Updated

For a multibillion-dollar public-works project called the Alaskan Way Viaduct Replacement, this city brought in a digging machine touted as the largest deployed anywhere: a 7,000-ton behemoth nicknamed "Bertha."

The megamachine's job was to create a 1.7-mile-long tunnel that would allow the state transit authority to reroute a section of Washington State Road 99 underground to replace a 61-year-old traffic-choked viaduct that authorities say is seismically unsafe and must be replaced.

But Bertha has been stuck since early December when the tunnel-boring machine hit an 8-inch diameter, ¾-inch thick steel well-casing after only 1,000 feet of drilling, threatening both a delay in the $3.1 billion project's completion and a multimillion-dollar cost increase.

Now, Bertha's operator and the state transit authority are sparring over the cost of repairs.
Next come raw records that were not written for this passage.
(* If a protocol $\Pi$ with $m$ memory states is not parsimonious, then there exists a parsimonious protocol $\Pi'$ with at most $m$ memory states such that $U^R(\Pi)\le U^R(\Pi')$.
   Context: Setting. The state of nature is $\theta\in\Theta=\{H,L\}$ with prior $\Pr(\theta=H)=p\in(0,1)$. A sender privately observes $\theta$; a receiver does not. $S$ is a finite signal set; conditional on $\theta$, signals are i.i.d. with distribution $\pi_\theta$ on $S$, where $\pi_\theta(s)>0$ for all $s\in S,\theta\in\Theta$, and $\pi_H\neq\pi_L$. The receiver has a finite set of memory states $M$ and chooses a protocol $\Pi=(f,g,a)$: a transition function $f:M\times S\to\Delta(M)$ ($f(i,s)(j)$ is the probability of moving from memory state $i$ to $j$ after signal $s$), an initial distribution $g\in\Delta(M)$ of $m_0$, and an action rule $a:M\to[0,1]$ (probability of action $H$ if the game ends in that memory state). A sender strategy is $\sigma:M\times\Theta\to[0,1]$, the probability of stopping in the current memory state given $\theta$. Timing: $m_0\sim g$; in each period $t=0,1,\dots$, with current memory state $m_t$, the game ends if $m_t$ is absorbing ($f(m_t,s)(m_t)=1$ for all $s$); otherwise the sender stops with probability $\sigma(m_t,\theta)$, ending the game; if not stopped, a signal $s_t\sim\pi_\theta$ is generated and $m_{t+1}\sim f(m_t,s_t)$. When the game ends in state $m_t$ the receiver takes action $H$ with probability $a(m_t)$ and $L$ otherwise. The receiver's payoff is $1$ if the action equals $\theta$ and $0$ otherwise; the sender's payoff is $1$ if the action is $H$ and $0$ otherwise; there is no discounting; if the game never ends both get $0$. $U^S(\Pi,\sigma),U^R(\Pi,\sigma)$ denote expected payoffs, $\mathrm{br}(\Pi)=\arg\sup_\sigma U^S(\Pi,\sigma)$ is the set of sender best responses, and $U^R(\Pi):=U^R(\Pi,\sigma)$ for $\sigma\in\mathrm{br}(\Pi)$. Since $\pi_\theta$ has full support, which transitions $i\to j$ have positive probability does not depend on $\theta$; the terms absorbing, transient, recurrent communicating class applied to $\Pi$ refer to the Markov chain on $M$ induced by $f$ with signals drawn from $\pi_\theta$ (sender never stopping), and mean the same for both $\theta$. A protocol is parsimonious if (i) it has exactly two absorbing memory states, one in which $a=0$ ($L$ played with probability 1) and one in which $a=1$ ($H$ played with probability 1), and (ii) all other memory states are transient with $a=0$. *)

theory Defs
  imports Complex_Main
begin

datatype theta = H | L

text \<open>Memory states are natural numbers; a protocol with m memory states uses
  the memory set M = {..<m}.
  A transition function is f :: nat => 's => nat => real with f i s j the
  probability of moving from i to j after signal s; g is the initial
  distribution and a the action rule.  A sender strategy is
  sigma :: nat => theta => real (probability of stopping).\<close>

definition is_dist :: "nat set \<Rightarrow> (nat \<Rightarrow> real) \<Rightarrow> bool" where
  "is_dist M d \<longleftrightarrow> (\<forall>j\<in>M. 0 \<le> d j) \<and> (\<Sum>j\<in>M. d j) = 1"

definition is_protocol ::
  "nat set \<Rightarrow> (nat \<Rightarrow> 's \<Rightarrow> nat \<Rightarrow> real) \<Rightarrow> (nat \<Rightarrow> real) \<Rightarrow> (nat \<Rightarrow> real) \<Rightarrow> bool" where
  "is_protocol M f g a \<longleftrightarrow>
     finite M \<and> (\<forall>i\<in>M. \<forall>s. is_dist M (f i s)) \<and> is_dist M g \<and> (\<forall>i\<in>M. 0 \<le> a i \<and> a i \<le> 1)"

definition valid_signals :: "(theta \<Rightarrow> 's::finite \<Rightarrow> real) \<Rightarrow> bool" where
  "valid_signals \<pi> \<longleftrightarrow> (\<forall>\<theta> s. 0 < \<pi> \<theta> s) \<and> (\<forall>\<theta>. (\<Sum>s\<in>UNIV. \<pi> \<theta> s) = 1) \<and> \<pi> H \<noteq> \<pi> L"

definition valid_strategy :: "nat set \<Rightarrow> (nat \<Rightarrow> theta \<Rightarrow> real) \<Rightarrow> bool" where
  "valid_strategy M \<sigma> \<longleftrightarrow> (\<forall>i\<in>M. \<forall>\<theta>. 0 \<le> \<sigma> i \<theta> \<and> \<sigma> i \<theta> \<le> 1)"

definition absorbing :: "(nat \<Rightarrow> 's \<Rightarrow> nat \<Rightarrow> real) \<Rightarrow> nat \<Rightarrow> bool" where
  "absorbing f i \<longleftrightarrow> (\<forall>s. f i s i = 1)"

definition Ptrans :: "(theta \<Rightarrow> 's::finite \<Rightarrow> real) \<Rightarrow> (nat \<Rightarrow> 's \<Rightarrow> nat \<Rightarrow> real) \<Rightarrow> theta \<Rightarrow> nat \<Rightarrow> nat \<Rightarrow> real" where
  "Ptrans \<pi> f \<theta> i j = (\<Sum>s\<in>UNIV. \<pi> \<theta> s * f i s j)"

text \<open>taboo i n j: probability, starting from i, of being in j at step n+1
  without having visited i at steps 1..n.\<close>
fun taboo :: "nat set \<Rightarrow> (theta \<Rightarrow> 's::finite \<Rightarrow> real) \<Rightarrow> (nat \<Rightarrow> 's \<Rightarrow> nat \<Rightarrow> real) \<Rightarrow> theta
              \<Rightarrow> nat \<Rightarrow> nat \<Rightarrow> nat \<Rightarrow> real" where
  "taboo M \<pi> f \<theta> i 0 j = Ptrans \<pi> f \<theta> i j"
| "taboo M \<pi> f \<theta> i (Suc n) j = (\<Sum>k\<in>M - {i}. taboo M \<pi> f \<theta> i n k * Ptrans \<pi> f \<theta> k j)"

definition return_prob :: "nat set \<Rightarrow> (theta \<Rightarrow> 's::finite \<Rightarrow> real) \<Rightarrow> (nat \<Rightarrow> 's \<Rightarrow> nat \<Rightarrow> real) \<Rightarrow> theta \<Rightarrow> nat \<Rightarrow> real" where
  "return_prob M \<pi> f \<theta> i = (\<Sum>n. taboo M \<pi> f \<theta> i n i)"

definition transient :: "nat set \<Rightarrow> (theta \<Rightarrow> 's::finite \<Rightarrow> real) \<Rightarrow> (nat \<Rightarrow> 's \<Rightarrow> nat \<Rightarrow> real) \<Rightarrow> theta \<Rightarrow> nat \<Rightarrow> bool" where
  "transient M \<pi> f \<theta> i \<longleftrightarrow> return_prob M \<pi> f \<theta> i < 1"

definition parsimonious :: "nat set \<Rightarrow> (theta \<Rightarrow> 's::finite \<Rightarrow> real) \<Rightarrow> (nat \<Rightarrow> 's \<Rightarrow> nat \<Rightarrow> real) \<Rightarrow> (nat \<Rightarrow> real) \<Rightarrow> bool" where
  "parsimonious M \<pi> f a \<longleftrightarrow>
     (\<exists>l\<in>M. \<exists>h\<in>M. {i\<in>M. absorbing f i} = {l, h} \<and> l \<noteq> h \<and> a l = 0 \<and> a h = 1 \<and>
        (\<forall>i\<in>M - {l, h}. (\<forall>\<theta>. transient M \<pi> f \<theta> i) \<and> a i = 0))"

definition stopP :: "(nat \<Rightarrow> 's \<Rightarrow> nat \<Rightarrow> real) \<Rightarrow> (nat \<Rightarrow> theta \<Rightarrow> real) \<Rightarrow> theta \<Rightarrow> nat \<Rightarrow> real" where
  "stopP f \<sigma> \<theta> i = (if absorbing f i then 1 else \<sigma> i \<theta>)"

text \<open>alive t j: probability that the game has not ended before period t and m_t = j.\<close>
fun alive :: "nat set \<Rightarrow> (theta \<Rightarrow> 's::finite \<Rightarrow> real) \<Rightarrow> (nat \<Rightarrow> 's \<Rightarrow> nat \<Rightarrow> real) \<Rightarrow> (nat \<Rightarrow> real)
              \<Rightarrow> (nat \<Rightarrow> theta \<Rightarrow> real) \<Rightarrow> theta \<Rightarrow> nat \<Rightarrow> nat \<Rightarrow> real" where
  "alive M \<pi> f g \<sigma> \<theta> 0 j = g j"
| "alive M \<pi> f g \<sigma> \<theta> (Suc t) j =
     (\<Sum>i\<in>M. alive M \<pi> f g \<sigma> \<theta> t i * (1 - stopP f \<sigma> \<theta> i) * Ptrans \<pi> f \<theta> i j)"

definition endprob :: "nat set \<Rightarrow> (theta \<Rightarrow> 's::finite \<Rightarrow> real) \<Rightarrow> (nat \<Rightarrow> 's \<Rightarrow> nat \<Rightarrow> real) \<Rightarrow> (nat \<Rightarrow> real)
              \<Rightarrow> (nat \<Rightarrow> theta \<Rightarrow> real) \<Rightarrow> theta \<Rightarrow> nat \<Rightarrow> real" where
  "endprob M \<pi> f g \<sigma> \<theta> i = (\<Sum>t. alive M \<pi> f g \<sigma> \<theta> t i * stopP f \<sigma> \<theta> i)"

definition US :: "real \<Rightarrow> nat set \<Rightarrow> (theta \<Rightarrow> 's::finite \<Rightarrow> real) \<Rightarrow> (nat \<Rightarrow> 's \<Rightarrow> nat \<Rightarrow> real)
              \<Rightarrow> (nat \<Rightarrow> real) \<Rightarrow> (nat \<Rightarrow> real) \<Rightarrow> (nat \<Rightarrow> theta \<Rightarrow> real) \<Rightarrow> real" where
  "US p M \<pi> f g a \<sigma> =
     p * (\<Sum>i\<in>M. endprob M \<pi> f g \<sigma> H i * a i) + (1 - p) * (\<Sum>i\<in>M. endprob M \<pi> f g \<sigma> L i * a i)"

definition UR :: "real \<Rightarrow> nat set \<Rightarrow> (theta \<Rightarrow> 's::finite \<Rightarrow> real) \<Rightarrow> (nat \<Rightarrow> 's \<Rightarrow> nat \<Rightarrow> real)
              \<Rightarrow> (nat \<Rightarrow> real) \<Rightarrow> (nat \<Rightarrow> real) \<Rightarrow> (nat \<Rightarrow> theta \<Rightarrow> real) \<Rightarrow> real" where
  "UR p M \<pi> f g a \<sigma> =
     p * (\<Sum>i\<in>M. endprob M \<pi> f g \<sigma> H i * a i) + (1 - p) * (\<Sum>i\<in>M. endprob M \<pi> f g \<sigma> L i * (1 - a i))"

definition br :: "real \<Rightarrow> nat set \<Rightarrow> (theta \<Rightarrow> 's::finite \<Rightarrow> real) \<Rightarrow> (nat \<Rightarrow> 's \<Rightarrow> nat \<Rightarrow> real)
              \<Rightarrow> (nat \<Rightarrow> real) \<Rightarrow> (nat \<Rightarrow> real) \<Rightarrow> (nat \<Rightarrow> theta \<Rightarrow> real) set" where
  "br p M \<pi> f g a =
     {\<sigma>. valid_strategy M \<sigma> \<and> (\<forall>\<sigma>'. valid_strategy M \<sigma>' \<longrightarrow> US p M \<pi> f g a \<sigma>' \<le> US p M \<pi> f g a \<sigma>)}"

end

theory Submission
  imports Defs "HOL-Library.Indicator_Function"
begin

text \<open>
  Fix a sender best response sigma and write P_theta(tau) for the probability of action H when
  the type theta plays tau.  Call a memory state a local maximum of the action rule a if no state
  reachable from it has a larger value of a.  Making the sender stop at a local maximum i0 can
  only increase P_theta: the mass stopped there would otherwise end in states reachable from i0,
  where a is no larger.

  If there are two local maxima k1 and k2, let rho stop at every local maximum and elsewhere
  play like the H type of sigma.  Replace every ending of the game under rho by a lottery that
  leads with probability a to an absorbing state k1 with action H and otherwise to an absorbing
  state k2 with action L.  In the resulting parsimonious protocol never stopping reproduces
  P_theta(rho) and is a best response, and every best response gives the same P_H and a weakly
  smaller P_L.  So the receiver gets at least
  p P_H(rho) + (1 - p)(1 - P_L(rho)) >= p P_H(sigma) + (1 - p)(1 - P_L(sigma)) >= U^R(sigma),
  where P_H(rho) >= P_H(sigma) by the stopping argument and P_L(rho) <= P_L(sigma) because the L
  type of sigma cannot gain by switching to rho.

  If the local maximum i is unique, it maximises a and is reached from every state, so that
  P_H(sigma) <= a i <= P_L(sigma) and U^R(sigma) <= p a i + (1 - p)(1 - a i); a protocol with two
  absorbing states and initial lottery (a i, 1 - a i) attains this value.
\<close>

definition trans_graph :: "nat set \<Rightarrow> (nat \<Rightarrow> 's \<Rightarrow> nat \<Rightarrow> real) \<Rightarrow> (nat \<times> nat) set" where
  "trans_graph M f = {(i, j). i \<in> M \<and> j \<in> M \<and> (\<exists>s. 0 < f i s j)}"

lemma rtrancl_trans_graph_in: "(i, j) \<in> (trans_graph M f)\<^sup>* \<Longrightarrow> i \<in> M \<Longrightarrow> j \<in> M"
  by (induction rule: rtrancl_induct) (auto simp: trans_graph_def)

lemma stopP_bounds:
  assumes "valid_strategy M \<sigma>" "i \<in> M"
  shows "0 \<le> stopP f \<sigma> \<theta> i" "stopP f \<sigma> \<theta> i \<le> 1"
  using assms unfolding valid_strategy_def stopP_def by auto

lemma stopP_absorbing [simp]: "absorbing f i \<Longrightarrow> stopP f \<sigma> \<theta> i = 1"
  by (simp add: stopP_def)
And the repair work itself is the subject of a lawsuit—with defendants' responses due later this month—from a local watchdog group calling for an additional environmental study.
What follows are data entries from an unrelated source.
lemma in_Lp_recip:
  fixes h :: "'a::euclidean_space \<Rightarrow> ereal"
  assumes h: "h \<in> borel_measurable lebesgue" and d: "0 < d" "\<And>x. ereal d \<le> h x"
    and c: "0 < c" and growth: "\<And>x. R \<le> norm x \<Longrightarrow> ereal (c * norm x powr \<alpha>) \<le> h x"
    and \<alpha>: "0 < \<alpha>" and p: "real DIM('a) / \<alpha> < p"
  shows "in_Lp (\<lambda>x. recip (h x)) p"
  unfolding in_Lp_def
proof (intro conjI)
  show "(\<lambda>x. recip (h x)) \<in> borel_measurable lebesgue"
    using h by (simp add: recip_def)
  show "AE x in lebesgue. recip (h x) < top"
    using recip_le_inverse(1)[OF d] by simp
  have "real DIM('a) < \<alpha> * p"
    using p \<alpha> by (simp add: pos_divide_less_eq mult.commute)
  have "0 \<le> p"
    using p \<alpha> by (smt (verit) divide_nonneg_pos of_nat_0_le_iff)
  have "(\<integral>\<^sup>+x. ennreal (enn2real (recip (h x)) powr p) \<partial>lebesgue)
      = (\<integral>\<^sup>+x. ennreal (enn2real (recip (h x)) powr p) \<partial>lborel)"
    by (rule nn_integral_completion)
  also have "\<dots> \<le> (\<integral>\<^sup>+x. ennreal ((1 / d) powr p) * indicator (cball (0::'a) (max R 1)) x
        + ennreal (c powr -p) * (indicator {x. 1 \<le> norm x} x * ennreal (norm x powr -(\<alpha> * p)))
        \<partial>lborel)"
    by (rule nn_integral_mono) (rule recip_powr_le_majorant[OF d c growth \<open>0 \<le> p\<close>])
  also have "\<dots> < \<infinity>"
    by (rule nn_integral_majorant_finite) fact
  finally show "(\<integral>\<^sup>+x. ennreal (enn2real (recip (h x)) powr p) \<partial>lebesgue) < top"
    by simp
qed


section \<open>Lower bounds for the convolutions\<close>

lemma growth_of_one_summand:
  fixes f g :: "'a::real_normed_vector \<Rightarrow> ereal"
  assumes growth: "\<And>z. R \<le> norm z \<Longrightarrow> ereal (c * norm z powr \<alpha>) \<le> f z \<and> ereal (c * norm z powr \<alpha>) \<le> g z"
    and c: "0 < c" and \<alpha>: "0 < \<alpha>" and x: "2 * R \<le> norm x"
  shows "ereal (c / 2 powr \<alpha> * norm x powr \<alpha>) \<le> f (x - y)
    \<or> ereal (c / 2 powr \<alpha> * norm x powr \<alpha>) \<le> g y"
proof -
  have half: "ereal (c / 2 powr \<alpha> * norm x powr \<alpha>) \<le> ereal (c * norm z powr \<alpha>)"
    if "norm x / 2 \<le> norm z" for z :: 'a
  proof -
    have "c / 2 powr \<alpha> * norm x powr \<alpha> = c * (norm x / 2) powr \<alpha>"
      by (simp add: powr_divide)
    also have "\<dots> \<le> c * norm z powr \<alpha>"
      using that c \<alpha> by (intro mult_left_mono powr_mono2) auto
    finally show ?thesis
      by simp
  qed
  have "norm x \<le> norm (x - y) + norm y"
    using norm_triangle_ineq[of "x - y" y] by simp
  then consider "norm x / 2 \<le> norm y" | "norm x / 2 \<le> norm (x - y)"
    by linarith
  then show ?thesis
  proof cases
    case 1
    then have "R \<le> norm y"
      using x by linarith
    with growth half[OF 1] show ?thesis
      using order_trans by blast
  next
    case 2
    then have "R \<le> norm (x - y)"
      using x by linarith
    with growth half[OF 2] show ?thesis
      using order_trans by blast
  qed
qed

lemma Inf_add_Inf_le_infconv: "Inf (range f) + Inf (range g) \<le> infconv f g x"
  unfolding infconv_def by (intro INF_greatest add_mono INF_lower) auto

lemma infconv_positive_lower_bound:
  assumes "0 < Inf (range f) + Inf (range g)"
  obtains d where "0 < d" "\<And>x. ereal d \<le> infconv f g x"
proof -
  obtain d where "0 < ereal d" "ereal d < Inf (range f) + Inf (range g)"
    using ereal_dense2[OF assms] by blast
  with Inf_add_Inf_le_infconv[of f g] that show thesis
    by (meson ereal_less(2) less_imp_le order_trans)
qed

lemma infconv_growth:
  fixes f g :: "'a::real_normed_vector \<Rightarrow> ereal"
  assumes a: "\<And>z. ereal a \<le> f z" and b: "\<And>z. ereal b \<le> g z"
    and growth: "\<And>z. R \<le> norm z \<Longrightarrow> ereal (c * norm z powr \<alpha>) \<le> f z \<and> ereal (c * norm z powr \<alpha>) \<le> g z"
    and c: "0 < c" and \<alpha>: "0 < \<alpha>" and x: "2 * R \<le> norm x"
  shows "ereal (min a b + c / 2 powr \<alpha> * norm x powr \<alpha>) \<le> infconv f g x"
  unfolding infconv_def
proof (rule INF_greatest)
  fix y
  let ?m = "c / 2 powr \<alpha> * norm x powr \<alpha>"
  consider "ereal ?m \<le> f (x - y)" | "ereal ?m \<le> g y"
    using growth_of_one_summand[OF growth c \<alpha> x] by blast
  then show "ereal (min a b + ?m) \<le> f (x - y) + g y"
  proof cases
    case 1
    have "ereal (min a b + ?m) \<le> ereal ?m + ereal b"
      by simp
    also have "\<dots> \<le> f (x - y) + g y"
      using 1 b by (rule add_mono)
    finally show ?thesis .
  next
    case 2
    have "ereal (min a b + ?m) \<le> ereal a + ereal ?m"
      by simp
    also have "\<dots> \<le> f (x - y) + g y"
      using a 2 by (rule add_mono)
    finally show ?thesis .
  qed
qed

lemma levconv_growth:
  fixes f g :: "'a::real_normed_vector \<Rightarrow> ereal"
  assumes growth: "\<And>z. R \<le> norm z \<Longrightarrow> ereal (c * norm z powr \<alpha>) \<le> f z \<and> ereal (c * norm z powr \<alpha>) \<le> g z"
    and c: "0 < c" and \<alpha>: "0 < \<alpha>" and x: "2 * R \<le> norm x"
  shows "ereal (c / 2 powr \<alpha> * norm x powr \<alpha>) \<le> levconv f g x"
  unfolding levconv_def
  using growth_of_one_summand[OF growth c \<alpha> x] by (auto intro: INF_greatest simp: le_max_iff_disj)

lemma levconv_positive_lower_bound:
  assumes g: "\<And>x. 0 \<le> g x" and pos: "0 < Inf (range (\<lambda>x. max (f x) 0)) + Inf (range g)"
  obtains d where "0 < d" "\<And>x. ereal d \<le> levconv f g x"
proof -
  define A where "A = Inf (range (\<lambda>x. max (f x) 0))"
  define B where "B = Inf (range g)"
  have "0 \<le> A" "0 \<le> B"
    unfolding A_def B_def using g by (auto intro: INF_greatest)
  with pos have "0 < max A B"
    unfolding A_def[symmetric] B_def[symmetric] by (cases A; cases B) (auto simp: max_def)
  then obtain d where d: "0 < d" "ereal d \<le> max A B"
    using ereal_dense2[of 0 "max A B"] by (auto intro: less_imp_le)
  have "max A B \<le> levconv f g x" for x
    unfolding levconv_def
  proof (rule INF_greatest)
    fix y
    have "A \<le> max (f (x - y)) 0" "B \<le> g y"
      unfolding A_def B_def by (auto intro: INF_lower)
    then show "max A B \<le> max (f (x - y)) (g y)"
      using g[of y] by (auto simp: max_def split: if_splits)
  qed
  with d show thesis
    using that order_trans by blast
qed

lemma positive_half_growth:
  fixes c \<alpha> \<mu> :: real
  assumes c: "0 < c" and \<alpha>: "0 < \<alpha>"
  obtains R where "\<And>t. R \<le> t \<Longrightarrow> c / 2 * t powr \<alpha> \<le> \<mu> + c * t powr \<alpha>"
proof
  fix t assume t: "max 0 ((2 * \<bar>\<mu>\<bar> / c) powr (1 / \<alpha>)) \<le> t"
  have "2 * \<bar>\<mu>\<bar> / c = ((2 * \<bar>\<mu>\<bar> / c) powr (1 / \<alpha>)) powr \<alpha>"
    using c \<alpha> by (simp add: powr_powr)
  also have "\<dots> \<le> t powr \<alpha>"
    using t \<alpha> by (intro powr_mono2) auto
  finally have "2 * \<bar>\<mu>\<bar> \<le> c * t powr \<alpha>"
    using c by (simp add: field_simps)
  then show "c / 2 * t powr \<alpha> \<le> \<mu> + c * t powr \<alpha>"
    by linarith
qed

lemma infconv_eventual_growth:
  fixes f g :: "'a::real_normed_vector \<Rightarrow> ereal"
  assumes "\<bar>Inf (range f)\<bar> \<noteq> \<infinity>" "\<bar>Inf (range g)\<bar> \<noteq> \<infinity>"
    and growth: "\<And>z. R \<le> norm z \<Longrightarrow> ereal (c * norm z powr \<alpha>) \<le> f z \<and> ereal (c * norm z powr \<alpha>) \<le> g z"
    and c: "0 < c" and \<alpha>: "0 < \<alpha>"
  obtains R' where "\<And>x. R' \<le> norm x \<Longrightarrow> ereal (c / 2 powr \<alpha> / 2 * norm x powr \<alpha>) \<le> infconv f g x"
proof -
  obtain a b where "Inf (range f) = ereal a" "Inf (range g) = ereal b"
    using assms(1,2) by force
  then have a: "ereal a \<le> f z" and b: "ereal b \<le> g z" for z
    by (metis INF_lower UNIV_I)+
  have c': "0 < c / 2 powr \<alpha>"
    using c by simp
  obtain R' where R': "\<And>t. R' \<le> t \<Longrightarrow>
      c / 2 powr \<alpha> / 2 * t powr \<alpha> \<le> min a b + c / 2 powr \<alpha> * t powr \<alpha>"
    using positive_half_growth[OF c' \<alpha>] by blast
  show thesis
  proof (rule that[of "max (2 * R) R'"])
    fix x :: 'a assume "max (2 * R) R' \<le> norm x"
    then have x: "2 * R \<le> norm x" "R' \<le> norm x"
      by auto
    have "ereal (c / 2 powr \<alpha> / 2 * norm x powr \<alpha>) \<le> ereal (min a b + c / 2 powr \<alpha> * norm x powr \<alpha>)"
      using R'[OF x(2)] by simp
    also have "\<dots> \<le> infconv f g x"
      by (rule infconv_growth[OF a b growth c \<alpha> x(1)])
    finally show "ereal (c / 2 powr \<alpha> / 2 * norm x powr \<alpha>) \<le> infconv f g x" .
  qed
qed

theorem theorem22:
  fixes f g :: "'a::euclidean_space \<Rightarrow> ereal" and c \<alpha> :: real
  assumes fmeas: "f \<in> borel_measurable borel" and gmeas: "g \<in> borel_measurable borel"
    and fnm: "\<And>x. f x \<noteq> -\<infinity>" and gnm: "\<And>x. g x \<noteq> -\<infinity>"
    and c: "c > 0" and \<alpha>: "\<alpha> > 0"
    and growth: "\<exists>R. \<forall>x. norm x \<ge> R \<longrightarrow>
                   f x \<ge> ereal (c * norm x powr \<alpha>) \<and> g x \<ge> ereal (c * norm x powr \<alpha>)"
  shows "(\<bar>Inf (range f)\<bar> \<noteq> \<infinity> \<and> \<bar>Inf (range g)\<bar> \<noteq> \<infinity> \<and> Inf (range f) + Inf (range g) > 0
            \<longrightarrow> (\<forall>p::real. p \<ge> 1 \<and> p > real DIM('a) / \<alpha> \<longrightarrow> in_Lp (\<lambda>x. recip (infconv f g x)) p))
       \<and> ((\<forall>x. g x \<ge> 0) \<and> Inf (range (\<lambda>x. max (f x) 0)) + Inf (range g) > 0
            \<longrightarrow> (\<forall>p::real. p \<ge> 1 \<and> p > real DIM('a) / \<alpha> \<longrightarrow> in_Lp (\<lambda>x. recip (levconv f g x)) p))"
proof -
  obtain R where R: "\<And>z. R \<le> norm z \<Longrightarrow>
      ereal (c * norm z powr \<alpha>) \<le> f z \<and> ereal (c * norm z powr \<alpha>) \<le> g z"
    using growth by blast
  have c': "0 < c / 2 powr \<alpha>" "0 < c / 2 powr \<alpha> / 2"
    using c by simp_all
  show ?thesis
  proof (intro conjI impI allI; elim conjE)
    fix p
    assume fin: "\<bar>Inf (range f)\<bar> \<noteq> \<infinity>" "\<bar>Inf (range g)\<bar> \<noteq> \<infinity>"
      and pos: "0 < Inf (range f) + Inf (range g)" and p: "real DIM('a) / \<alpha> < p"
    obtain d where d: "0 < d" "\<And>x. ereal d \<le> infconv f g x"
      using infconv_positive_lower_bound[OF pos] by blast
    obtain R' where "\<And>x. R' \<le> norm x \<Longrightarrow> ereal (c / 2 powr \<alpha> / 2 * norm x powr \<alpha>) \<le> infconv f g x"
      using infconv_eventual_growth[OF fin R c \<alpha>] by blast
    from in_Lp_recip[OF infconv_lebesgue_measurable[OF fmeas gmeas] d c'(2) this \<alpha> p]
    show "in_Lp (\<lambda>x. recip (infconv f g x)) p" .
  next
    fix p
    assume "\<forall>x. 0 \<le> g x" "0 < Inf (range (\<lambda>x. max (f x) 0)) + Inf (range g)"
      and p: "real DIM('a) / \<alpha> < p"
    then obtain d where d: "0 < d" "\<And>x. ereal d \<le> levconv f g x"
      using levconv_positive_lower_bound by metis
    from in_Lp_recip[OF levconv_lebesgue_measurable[OF fmeas gmeas] d c'(1)
        levconv_growth[OF R c \<alpha>] \<alpha> p]
    show "in_Lp (\<lambda>x. recip (levconv f g x)) p" .
  qed
qed

end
"Of course I'm concerned that the project is not moving forward," Seattle Mayor Ed Murray said this month. "People are frustrated."

Bertha—longer than a football field and assembled at a cost of $80 million— arrived in April 2013 to a lavish rollout, a Twitter feed (@BerthadigsSR99) and a downtown museum built around a miniature replica.

While the public-relations campaign has helped with transparency, the turn of events could make the machine a symbol of the latest in big regional infrastructure projects—like Boston's overbudget and often-delayed Big Dig, which included replacing the city's central artery with an underground highway—to be beset by cost overruns, completion delays and yearslong headaches for commuters.

Seattle and the Washington State Department of Transportation had spent 10 years hammering out the roadway's redesign, which is being paid for with a mixture of new gasoline taxes, tolls and federal and state funds.

The contractor operating Bertha, Seattle Tunnel Partners, or STP, began digging this past week a rescue tunnel to start a monthslong effort to extract and repair the machine's front "cutterhead." But tunneling won't resume before March 2015, the contractor has told WSDOT.

"I'm apprehensive and skeptical," said Todd Trepanier, a WSDOT official monitoring the project's timetable. "I'll feel better when I see actual dirt moving."